This tutorial walks through a complete post-accumulation quantization pipeline that models transformer attention activation: softmax(QK^T / √d_k). It demonstrates the interplay between the MMALU (dot-product accumulation), VALU (element-wise operations), and programmable LUT activation functions (vlut/vsetlut), with full end-to-end quantization in the INT8 domain.

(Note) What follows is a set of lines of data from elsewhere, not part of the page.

(* Let $\varepsilon>0$ be a constant and $d=d(n)$. If $\mathbb{F}$ is finite, then the fraction of $n^d\times n^d$ matrices over $\mathbb{F}$ with $\mathrm{PT\text{-}rank}\le(\tfrac12-\varepsilon)n^d$ tends to $0$ as $n\to\infty$. If $\mathbb{F}$ is infinite, then for all sufficiently large $n$ the set of $n^d\times n^d$ matrices with $\mathrm{PT\text{-}rank}\le(\tfrac12-\varepsilon)n^d$ has Zariski closure of dimension strictly less than $n^{2d}$. (That is, asymptotically almost all $n^d\times n^d$ matrices have PT-rank at least $(\tfrac12-\varepsilon)n^d$.)
   Context: Rows and columns of $n^d\times n^d$ matrices are indexed by $[n]^d$. For $k\in[d]$, $M^{\top_k}_{(i_1,\dots,i_d),(j_1,\dots,j_d)}=M_{(\dots,i_{k-1},j_k,i_{k+1},\dots),(\dots,j_{k-1},i_k,j_{k+1},\dots)}$; $M^{\top_\kappa}$ is the composition over $k\in\kappa\subseteq[d]$. $M$ is PT-basic if $\mathrm{rank}(M^{\top_\kappa})=1$ for some $\kappa$; $\mathrm{PT\text{-}rank}(M)$ is the least number of PT-basic matrices summing to $M$. *)

theory Defs
  imports Complex_Main "HOL-Library.Function_Algebras" "HOL-Library.Poly_Mapping" "HOL-Library.Extended_Nat"
begin

text \<open>Multi-indices in [n]^d are lists of length d with entries < n (0-based).
  An n^d x n^d matrix is a function idx => idx => 'a that vanishes outside
  idx_set n d x idx_set n d.\<close>

definition idx_set :: "nat \<Rightarrow> nat \<Rightarrow> nat list set" where
  "idx_set n d = {i. length i = d \<and> (\<forall>k<d. i ! k < n)}"

definition mats :: "nat \<Rightarrow> nat \<Rightarrow> (nat list \<Rightarrow> nat list \<Rightarrow> 'a::zero) set" where
  "mats n d = {M. \<forall>i j. (i \<notin> idx_set n d \<or> j \<notin> idx_set n d) \<longrightarrow> M i j = 0}"

definition mix :: "nat set \<Rightarrow> nat list \<Rightarrow> nat list \<Rightarrow> nat list" where
  "mix K a b = map (\<lambda>k. if k \<in> K then a ! k else b ! k) [0..<length b]"

text \<open>Partial transpose over the set K of tensor factors (0-based factors).\<close>
definition ptrans :: "nat \<Rightarrow> nat \<Rightarrow> nat set \<Rightarrow> (nat list \<Rightarrow> nat list \<Rightarrow> 'a::zero)
    \<Rightarrow> (nat list \<Rightarrow> nat list \<Rightarrow> 'a)" where
  "ptrans n d K M = (\<lambda>i j. if i \<in> idx_set n d \<and> j \<in> idx_set n d
       then M (mix K j i) (mix K i j) else 0)"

The implementation combines: - Integer arithmetic (systolic array, reductions, shifts) - Floating-point FMA (scaling and bias) - Quantized activation (exp and reciprocal via programmable vlut banks) - Numerical stability (max subtraction before exp)


The Quantization Pipeline

Data Flow

QK^T accumulator (INT8 seed)
        ↓
   Phase 0-1: FP32 dequantization + scale
        ↓
   scaled_fp32
        ↓
   Phase 2: Quantize to SQ1.6 for LUT domain
        ↓
   scores_sq16 [VX]
        ↓
   Phase 3: Numerical stability: x - max(x)
        ↓
   shifted_sq16 [VX]
        ↓
   Phase 4: vlut bank A (exp table: SQ1.6 → UQ0.8)
        ↓
   exp_uq08 [VX]
        ↓
   Phase 5: vsum → INT32 sum (broadcast to all lanes)
        ↓
   Phase 6: vlut bank B (recip table: scalar 1/sum)
        ↓
   recip_sq16 [VX]
        ↓
   Phase 7: Promote INT8 → FP32, multiply (exact for small values)
        ↓
   product_fp32 [VR]
        ↓
   Phase 8: FP32 → INT32, arithmetic right-shift >>7
        ↓
   shifted_int32 [VR]
        ↓
   Phase 9: Narrow INT32 → INT8 saturated (final softmax weight)
        ↓
   result_int8

Phase-by-Phase Breakdown

Phase 0–1: FP32 Dequantization and Scale

// Seed accumulator as INT8, promote to FP32
vbcastImm(rd=8, imm=acc_int8)         // broadcast INT8 accumulator to VX[8]
vcvt_s8_f32(rd=0, rs1=8)              // INT8 → FP32 in VR[0]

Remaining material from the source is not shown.